→ Input
lemma quot_cover_smul:
  fixes m n :: nat and x :: "nat \<Rightarrow> 'f::field"
  defines "C \<equiv> coset (cover_lsa m n :: (nat \<Rightarrow> 'f, 'f) lsa) (cover_tensor_part m n)"
  shows "ssmul (quot (cover_lsa m n) (cover_tensor_part m n)) c (C x) = C (\<lambda>i. c * x i)"
proof -
  let ?Z = "cover_tensor_part m n :: (nat \<Rightarrow> 'f) set"
  have C: "C v = {(\<lambda>i. v i + z i) | z. z \<in> ?Z}" for v
    unfolding C_def by (rule coset_cover_lsa)
  have "{(\<lambda>i. c * a i + z i) | a z. a \<in> C x \<and> z \<in> ?Z} = C (\<lambda>i. c * x i)"
  proof (intro equalityI subsetI)
    fix w assume "w \<in> {(\<lambda>i. c * a i + z i) | a z. a \<in> C x \<and> z \<in> ?Z}"
    then obtain z1 z where z: "z1 \<in> ?Z" "z \<in> ?Z" "w = (\<lambda>i. c * (x i + z1 i) + z i)"
      unfolding C by auto
    define z' where "z' = (\<lambda>i. c * z1 i + z i)"
    have "z' \<in> ?Z"
      using z unfolding z'_def cover_tensor_part_def by auto
    moreover have "w = (\<lambda>i. c * x i + z' i)"
      unfolding z(3) z'_def by (simp add: algebra_simps)
    ultimately show "w \<in> C (\<lambda>i. c * x i)"
      unfolding C by blast
  next
    fix w assume "w \<in> C (\<lambda>i. c * x i)"
    then obtain z where "z \<in> ?Z" "w = (\<lambda>i. c * x i + z i)"
      unfolding C by auto
    moreover have "x \<in> C x"
      unfolding C_def by (rule coset_cover_self)
    ultimately show "w \<in> {(\<lambda>i. c * a i + z i) | a z. a \<in> C x \<and> z \<in> ?Z}"
      by blast
  qed
  then show ?thesis
    unfolding quot_def cover_lsa_def by simp
qed

lemma quot_cover_br:
  fixes m n :: nat and x y :: "nat \<Rightarrow> 'f::field"
  defines "C \<equiv> coset (cover_lsa m n :: (nat \<Rightarrow> 'f, 'f) lsa) (cover_tensor_part m n)"
  shows "sbr (quot (cover_lsa m n) (cover_tensor_part m n)) (C x) (C y) = C (\<lambda>_. 0)"
proof -
  let ?Z = "cover_tensor_part m n :: (nat \<Rightarrow> 'f) set"
  have C: "C v = {(\<lambda>i. v i + z i) | z. z \<in> ?Z}" for v
    unfolding C_def by (rule coset_cover_lsa)
  have br_Z: "cover_br m n a b \<in> ?Z" for a b
    unfolding cover_tensor_part_def by (auto simp: cover_br_def)
  have "{(\<lambda>i. cover_br m n a b i + z i) | a b z. a \<in> C x \<and> b \<in> C y \<and> z \<in> ?Z} = C (\<lambda>_. 0)"
  proof (intro equalityI subsetI)
    fix w assume "w \<in> {(\<lambda>i. cover_br m n a b i + z i) | a b z. a \<in> C x \<and> b \<in> C y \<and> z \<in> ?Z}"
    then obtain a b z where "z \<in> ?Z" "w = (\<lambda>i. 0 + (cover_br m n a b i + z i))"
      by auto
    moreover have "(\<lambda>i. cover_br m n a b i + z i) \<in> ?Z" if "z \<in> ?Z" for a b z
      using br_Z[of a b] that unfolding cover_tensor_part_def by auto
    ultimately show "w \<in> C (\<lambda>_. 0)"
      unfolding C by auto
  next
    fix w assume "w \<in> C (\<lambda>_. 0)"
    then obtain z where z: "z \<in> ?Z" "w = (\<lambda>i. 0 + z i)"
      unfolding C by auto
    define z' where "z' = (\<lambda>i. z i - cover_br m n x y i)"
    have "z' \<in> ?Z"
      using z(1) br_Z[of x y] unfolding z'_def cover_tensor_part_def by auto
    moreover have "w = (\<lambda>i. cover_br m n x y i + z' i)"
      unfolding z(2) z'_def by simp
    moreover have "x \<in> C x" "y \<in> C y"
      unfolding C_def by (rule coset_cover_self)+
    ultimately show "w \<in> {(\<lambda>i. cover_br m n a b i + z i) | a b z. a \<in> C x \<and> b \<in> C y \<and> z \<in> ?Z}"
      by blast
  qed
  then show ?thesis
    unfolding quot_def cover_lsa_def by simp
qed

lemma abelian_lsa_iso_quot_cover:
  "lsa_iso (abelian_lsa m n :: (nat \<Rightarrow> 'f::field, 'f) lsa) (quot (cover_lsa m n) (cover_tensor_part m n))"
proof -
  let ?A = "abelian_lsa m n :: (nat \<Rightarrow> 'f, 'f) lsa"
  let ?H = "cover_lsa m n :: (nat \<Rightarrow> 'f, 'f) lsa"
  let ?Q = "quot ?H (cover_tensor_part m n)"
  define C where "C = coset ?H (cover_tensor_part m n)"
  define trunc where "trunc h = (\<lambda>i. if i < m + n then h i else 0)" for h :: "nat \<Rightarrow> 'f"
  have A_H: "scar ?A \<subseteq> scar ?H"
    unfolding abelian_lsa_def cover_lsa_def by auto
  have trunc_A: "trunc h \<in> scar ?A" for h
    unfolding trunc_def abelian_lsa_def by simp
  have C_trunc: "C (trunc h) = C h" if "h \<in> scar ?H" for h
    unfolding C_def using that trunc_A A_H by (subst coset_cover_eq_iff) (auto simp: trunc_def)
  have C_image: "C ` S = C ` T" if "S \<subseteq> T" "T \<subseteq> scar ?H" "trunc ` T \<subseteq> S" for S T
  proof
    show "C ` S \<subseteq> C ` T"
      using that(1) by blast
    show "C ` T \<subseteq> C ` S"
    proof
      fix X assume "X \<in> C ` T"
      then obtain h where "h \<in> T" "X = C h"
        by blast
      then have "X = C (trunc h)" and "trunc h \<in> S"
        using C_trunc that(2,3) by auto
      then show "X \<in> C ` S"
        by blast
    qed
  qed
  have Q: "scar ?Q = C ` scar ?H" "sev ?Q = C ` sev ?H" "sod ?Q = C ` sod ?H"
    by (simp_all add: quot_def C_def)
  have inj: "inj_on C (scar ?A)"
  proof (rule inj_onI)
    fix u v assume u: "u \<in> scar ?A" and v: "v \<in> scar ?A" and "C u = C v"
    then have "\<forall>i<m + n. u i = v i"
      unfolding C_def using A_H by (subst (asm) coset_cover_eq_iff) auto
    with u v show "u = v"
      unfolding abelian_lsa_def by (auto simp: fun_eq_iff) (metis not_less)
  qed
  have onto: "C ` scar ?A = scar ?Q"
    unfolding Q
    by (rule C_image) (use A_H trunc_A in auto)
  have even: "C ` sev ?A = sev ?Q"
    unfolding Q
    by (rule C_image) (auto simp: abelian_lsa_def cover_lsa_def cover_odd_def trunc_def)
  have odd: "C ` sod ?A = sod ?Q"
    unfolding Q
    by (rule C_image) (auto simp: abelian_lsa_def cover_lsa_def cover_odd_def trunc_def)
  have add: "C (sadd ?A x y) = sadd ?Q (C x) (C y)" for x y
    unfolding C_def quot_cover_add by (simp add: abelian_lsa_def)
  have smul: "C (ssmul ?A c x) = ssmul ?Q c (C x)" for c x
    unfolding C_def quot_cover_smul by (simp add: abelian_lsa_def)
  have br: "C (sbr ?A x y) = sbr ?Q (C x) (C y)" for x y
    unfolding C_def quot_cover_br by (simp add: abelian_lsa_def)
  show ?thesis
    unfolding lsa_iso_def bij_betw_def
    by (intro exI[of _ C] conjI ballI allI inj onto even odd add smul br)
qed

lemma abelian_lsa_capable:
  assumes "(2::'f::field) \<noteq> 0" and "(m = 0 \<and> n = 1) \<or> m + n \<ge> 2"
  shows "capable_in TYPE(nat \<Rightarrow> 'f) (abelian_lsa m n :: (nat \<Rightarrow> 'f, 'f) lsa)"
  unfolding capable_in_def
  using cover_lsa_lie_superalgebra abelian_lsa_iso_quot_cover center_cover_lsa[OF assms]
  by metis

theorem mainTheorem2:
  fixes m n :: nat
  assumes "(2::'f::field) \<noteq> 0" and "(3::'f) \<noteq> 0"
    and "m + n \<ge> 1"
  shows "(capable_in TYPE('h) (abelian_lsa m n :: (nat \<Rightarrow> 'f, 'f) lsa)
            \<longrightarrow> ((m = 0 \<and> n = 1) \<or> m + n \<ge> 2))
       \<and> (((m = 0 \<and> n = 1) \<or> m + n \<ge> 2)
            \<longrightarrow> capable_in TYPE(nat \<Rightarrow> 'f) (abelian_lsa m n :: (nat \<Rightarrow> 'f, 'f) lsa))"
proof (intro conjI impI)
  assume capable: "capable_in TYPE('h) (abelian_lsa m n :: (nat \<Rightarrow> 'f, 'f) lsa)"
  show "(m = 0 \<and> n = 1) \<or> m + n \<ge> 2"
  proof (rule ccontr)
    assume "\<not> ((m = 0 \<and> n = 1) \<or> m + n \<ge> 2)"
    then have "m = 1" "n = 0"
      using assms(3) by auto
    then show False
      using capable abelian_lsa_1_0_not_capable[OF assms(1), where 'h = 'h] by simp
  qed
next
  assume "(m = 0 \<and> n = 1) \<or> m + n \<ge> 2"
  then show "capable_in TYPE(nat \<Rightarrow> 'f) (abelian_lsa m n :: (nat \<Rightarrow> 'f, 'f) lsa)"
    by (rule abelian_lsa_capable[OF assms(1)])
qed

end
text \<open>If \<open>E - {e}\<close> still connected \<open>V\<close>, it would have at least \<open>card V - 1 = card E\<close> edges.\<close>

lemma edge_bridge: assumes e: "{u, u'} \<in> E" shows "\<not> conn_without {u, u'} u u'"
proof
  assume c: "conn_without {u, u'} u u'"
  have "adj_rel E \<subseteq> (adj_rel (E - {{u, u'}}))\<^sup>*"
  proof
    fix p assume "p \<in> adj_rel E"
    then obtain a b where p: "p = (a, b)" "adj E a b" unfolding adj_rel_def by auto
    show "p \<in> (adj_rel (E - {{u, u'}}))\<^sup>*"
    proof (cases "{a, b} = {u, u'}")
      case True
      then have "(a = u \<and> b = u') \<or> (a = u' \<and> b = u)" using p(2) by (auto simp: doubleton_eq_iff)
      then show ?thesis using c conn_without_sym[OF c] p unfolding conn_without_def by auto
    next
      case False
      then show ?thesis using conn_without_adj[OF p(2) False] p unfolding conn_without_def by auto
    qed
  qed
  then have "(adj_rel E)\<^sup>* \<subseteq> (adj_rel (E - {{u, u'}}))\<^sup>*"
    by (metis rtrancl_idemp rtrancl_mono)
  then have "card V \<le> card (E - {{u, u'}}) + 1"
    using edges_of_V connected root_in_V by (intro connected_card_le[OF finite_V _ root_in_V]) auto
  moreover have "card E = Suc (card (E - {{u, u'}}))" using card.remove[OF finite_E e] .
  ultimately show False using tree unfolding is_tree_def by simp
qed

lemma conn_without_endpoint:
  assumes e: "{u, u'} \<in> E" and y: "y \<in> V"
  shows "conn_without {u, u'} y u \<or> conn_without {u, u'} y u'"
proof -
  have "(u, y) \<in> (adj_rel E)\<^sup>*" using connected edge_in_V[OF e] y by simp
  then show ?thesis
  proof (induction rule: rtrancl_induct)
    case base then show ?case by simp
  next
    case (step z y)
    then have a: "adj E z y" unfolding adj_rel_def by auto
    show ?case
    proof (cases "{z, y} = {u, u'}")
      case True
      then have "y = u \<or> y = u'" by (metis insertCI insertE singletonD)
      then show ?thesis by (elim disjE) simp_all
    next
      case False
      have "conn_without {u, u'} y z" by (rule conn_without_sym, rule conn_without_adj[OF a False])
      with step.IH show ?thesis by (metis conn_without_trans)
    qed
  qed
qed

lemma conn_without_split:
  assumes "conn_without e a z" shows "conn_without f a z \<or> (\<exists>y\<in>f. conn_without e a y)"
  using assms unfolding conn_without_def
proof (induction rule: rtrancl_induct)
  case base then show ?case by simp
next
  case (step z' z)
  have a: "adj E z' z" "{z', z} \<noteq> e" using adj_rel_without[OF step.hyps(2)] by simp_all
  show ?case
  proof (cases "{z', z} = f")
    case True
    then show ?thesis using step.hyps(1) by blast
  next
    case False
    then have "(z', z) \<in> (adj_rel (E - {f}))\<^sup>*"
      using conn_without_adj[OF a(1)] unfolding conn_without_def by blast
    with step.IH show ?thesis by (meson rtrancl_trans)
  qed
qed

definition first_hop :: "'v \<Rightarrow> 'v \<Rightarrow> 'v \<Rightarrow> bool" where
  "first_hop x y c \<longleftrightarrow> adj E x c \<and> conn_without {x, c} y c"

lemma first_hop_self: "\<not> first_hop x x c"
  unfolding first_hop_def using edge_bridge[OF adj_edge] by blast

lemma first_hop_exists:
  assumes "x \<in> V" "y \<in> V" "y \<noteq> x" shows "\<exists>c. first_hop x y c"
proof -
  have "(x, y) \<in> (adj_rel E)\<^sup>*" using connected assms(1,2) by simp
  then have "y = x \<or> (\<exists>c. first_hop x y c)"
  proof (induction rule: rtrancl_induct)
    case base then show ?case by simp
  next
    case (step z' z)
    have a: "adj E z' z" using step.hyps(2) unfolding adj_rel_def by simp
    from step.IH show ?case
    proof
      assume "z' = x"
      then have "first_hop x z z" using a unfolding first_hop_def by simp
      then show ?thesis by blast
    next
      assume "\<exists>c. first_hop x z' c"
      then obtain c where c: "adj E x c" "conn_without {x, c} z' c" unfolding first_hop_def by blast
      show ?thesis
      proof (cases "{z', z} = {x, c}")
        case False
        have "conn_without {x, c} z z'" by (rule conn_without_sym, rule conn_without_adj[OF a False])
        then have "conn_without {x, c} z c" using c(2) by (rule conn_without_trans)
        then show ?thesis using c(1) unfolding first_hop_def by blast
      next
        case True
        then consider "z' = x" | "z' = c" "z = x" using adj_neq[OF a] by (metis doubleton_eq_iff)
        then show ?thesis
        proof cases
          case 1
          then show ?thesis using c edge_bridge[OF adj_edge[OF c(1)]] by simp
        qed simp
      qed
    qed
  qed
  with assms(3) show ?thesis by simp
qed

→ Task directions
Select and copy every line from the records that includes the word "fixes".

→ Finished exercise
  fixes m n :: nat and x :: "nat \<Rightarrow> 'f::field"
  fixes m n :: nat and x y :: "nat \<Rightarrow> 'f::field"
  fixes m n :: nat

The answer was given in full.